[Excerpts from a dataset]
text \<open>Let \<open>K\<close> be independent and \<open>J\<close> a base of the same set. By maximality of \<open>J\<close>,
  every \<open>e \<in> K - J\<close> lies in a window of length \<open>t_w\<close> that already holds \<open>n\<close> elements of \<open>J\<close>.
  Induction on \<open>|K \<inter> [a,\<infinity>)|\<close> shows
  \<open>|K \<inter> [a,\<infinity>)| \<le> |J \<inter> [a,\<infinity>)| + |J \<inter> (a - t_w,\<infinity>)|\<close> for every \<open>a\<close>: if \<open>x \<ge> a\<close> is the
  leftmost time of an element of \<open>K - J\<close>, then \<open>K \<inter> [a,x) \<subseteq> J\<close>, the window \<open>[x, x + t_w)\<close>
  holds at most \<open>n\<close> elements of \<open>K\<close>, and these are paid for by the \<open>n\<close> elements of \<open>J\<close> in the
  blocking window of \<open>x\<close>, which lies in \<open>(x - t_w, x + t_w)\<close>; the induction hypothesis
  covers \<open>[x + t_w,\<infinity>)\<close>. Taking \<open>a\<close> below all times
  gives \<open>|K| \<le> 2 |J|\<close>.\<close>

lemma card_filter_split:
  assumes "finite A"
    and "\<And>x. x \<in> A \<Longrightarrow> P x \<longleftrightarrow> Q x \<or> R x"
    and "\<And>x. x \<in> A \<Longrightarrow> \<not> (Q x \<and> R x)"
  shows "card {x \<in> A. P x} = card {x \<in> A. Q x} + card {x \<in> A. R x}"
proof -
  have "{x \<in> A. P x} = {x \<in> A. Q x} \<union> {x \<in> A. R x}" using assms(2) by blast
  moreover have "{x \<in> A. Q x} \<inter> {x \<in> A. R x} = {}" using assms(3) by blast
  ultimately show ?thesis using assms(1) by (simp add: card_Un_disjoint)
qed

lemma is_base_exists:
  assumes "finite Y" and "{} \<in> I"
  shows "\<exists>J. is_base I Y J"
proof -
  let ?C = "{J. J \<subseteq> Y \<and> J \<in> I}"
  have "finite ?C" using assms(1) finite_subset[of ?C "Pow Y"] by blast
  moreover have "?C \<noteq> {}" using assms(2) by blast
  ultimately obtain J where J: "J \<in> ?C" and maximal: "\<forall>J' \<in> ?C. J \<subseteq> J' \<longrightarrow> J = J'"
    by (meson finite_has_maximal)
  have "insert e J \<notin> I" if "e \<in> Y - J" for e
  proof
    assume "insert e J \<in> I"
    then have "insert e J \<in> ?C" using J that by blast
    then have "J = insert e J" using maximal by blast
    with that show False by blast
  qed
  then show ?thesis using J unfolding is_base_def by blast
qed

lemma p_systemI:
  assumes "finite X" and "indep_family X I" and "{} \<in> I"
    and "\<And>Y J K. Y \<subseteq> X \<Longrightarrow> is_base I Y J \<Longrightarrow> is_base I Y K \<Longrightarrow> card K \<le> p * card J"
  shows "p_system X I p"
proof -
  have "Max (card ` {J. is_base I Y J}) \<le> p * Min (card ` {J. is_base I Y J})" if Y: "Y \<subseteq> X" for Y
  proof -
    let ?B = "{J. is_base I Y J}"
    have fin: "finite Y" using assms(1) Y by (rule finite_subset[rotated])
    have "finite ?B" using fin finite_subset[of ?B "Pow Y"] by (auto simp: is_base_def)
    moreover have "?B \<noteq> {}" using is_base_exists[OF fin assms(3)] by blast
    ultimately have "Max (card ` ?B) \<in> card ` ?B" and "Min (card ` ?B) \<in> card ` ?B"
      by (simp_all add: Max_in Min_in)
    then obtain K J where "is_base I Y K" "card K = Max (card ` ?B)"
      and "is_base I Y J" "card J = Min (card ` ?B)"
      by (metis (no_types, lifting) imageE mem_Collect_eq)
    with assms(4)[OF Y] show ?thesis by metis
  qed
  with assms(1,2) show ?thesis unfolding p_system_def by blast
qed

→ **YOUR ASSIGNMENT**
Output each entry precisely as given.

→ **OUTPUT FOR THIS TASK**
text \<open>Let \<open>K\<close> be independent and \<open>J\<close> a base of the same set. By maximality of \<open>J\<close>,
  every \<open>e \<in> K - J\<close> lies in a window of length \<open>t_w\<close> that already holds \<open>n\<close> elements of \<open>J\<close>.
  Induction on \<open>|K \<inter> [a,\<infinity>)|\<close> shows
  \<open>|K \<inter> [a,\<infinity>)| \<le> |J \<inter> [a,\<infinity>)| + |J \<inter> (a - t_w,\<infinity>)|\<close> for every \<open>a\<close>: if \<open>x \<ge> a\<close> is the
  leftmost time of an element of \<open>K - J\<close>, then \<open>K \<inter> [a,x) \<subseteq> J\<close>, the window \<open>[x, x + t_w)\<close>
  holds at most \<open>n\<close> elements of \<open>K\<close>, and these are paid for by the \<open>n\<close> elements of \<open>J\<close> in the
  blocking window of \<open>x\<close>, which lies in \<open>(x - t_w, x + t_w)\<close>; the induction hypothesis
  covers \<open>[x + t_w,\<infinity>)\<close>. Taking \<open>a\<close> below all times
  gives \<open>|K| \<le> 2 |J|\<close>.\<close>

lemma card_filter_split:
  assumes "finite A"
    and "\<And>x. x \<in> A \<Longrightarrow> P x \<longleftrightarrow> Q x \<or> R x"
    and "\<And>x. x \<in> A \<Longrightarrow> \<not> (Q x \<and> R x)"
  shows "card {x \<in> A. P x} = card {x \<in> A. Q x} + card {x \<in> A. R x}"
proof -
  have "{x \<in> A. P x} = {x \<in> A. Q x} \<union> {x \<in> A. R x}" using assms(2) by blast
  moreover have "{x \<in> A. Q x} \<inter> {x \<in> A. R x} = {}" using assms(3) by blast
  ultimately show ?thesis using assms(1) by (simp add: card_Un_disjoint)
qed

lemma is_base_exists:
  assumes "finite Y" and "{} \<in> I"
  shows "\<exists>J. is_base I Y J"
proof -
  let ?C = "{J. J \<subseteq> Y \<and> J \<in> I}"
  have "finite ?C" using assms(1) finite_subset[of ?C "Pow Y"] by blast
  moreover have "?C \<noteq> {}" using assms(2) by blast
  ultimately obtain J where J: "J \<in> ?C" and maximal: "\<forall>J' \<in> ?C. J \<subseteq> J' \<longrightarrow> J = J'"
    by (meson finite_has_maximal)
  have "insert e J \<notin> I" if "e \<in> Y - J" for e
  proof
    assume "insert e J \<in> I"
    then have "insert e J \<in> ?C" using J that by blast
    then have "J = insert e J" using maximal by blast
    with that show False by blast
  qed
  then show ?thesis using J unfolding is_base_def by blast
qed

lemma p_systemI:
  assumes "finite X" and "indep_family X I" and "{} \<in> I"
    and "\<And>Y J K. Y \<subseteq> X \<Longrightarrow> is_base I Y J \<Longrightarrow> is_base I Y K \<Longrightarrow> card K \<le> p * card J"
  shows "p_system X I p"
proof -
  have "Max (card ` {J. is_base I Y J}) \<le> p * Min (card ` {J. is_base I Y J})" if Y: "Y \<subseteq> X" for Y
  proof -
    let ?B = "{J. is_base I Y J}"
    have fin: "finite Y" using assms(1) Y by (rule finite_subset[rotated])
    have "finite ?B" using fin finite_subset[of ?B "Pow Y"] by (auto simp: is_base_def)
    moreover have "?B \<noteq> {}" using is_base_exists[OF fin assms(3)] by blast
    ultimately have "Max (card ` ?B) \<in> card ` ?B" and "Min (card ` ?B) \<in> card ` ?B"
      by (simp_all add: Max_in Min_in)
    then obtain K J where "is_base I Y K" "card K = Max (card ` ?B)"
      and "is_base I Y J" "card J = Min (card ` ?B)"
      by (metis (no_types, lifting) imageE mem_Collect_eq)
    with assms(4)[OF Y] show ?thesis by metis
  qed
  with assms(1,2) show ?thesis unfolding p_system_def by blast
qed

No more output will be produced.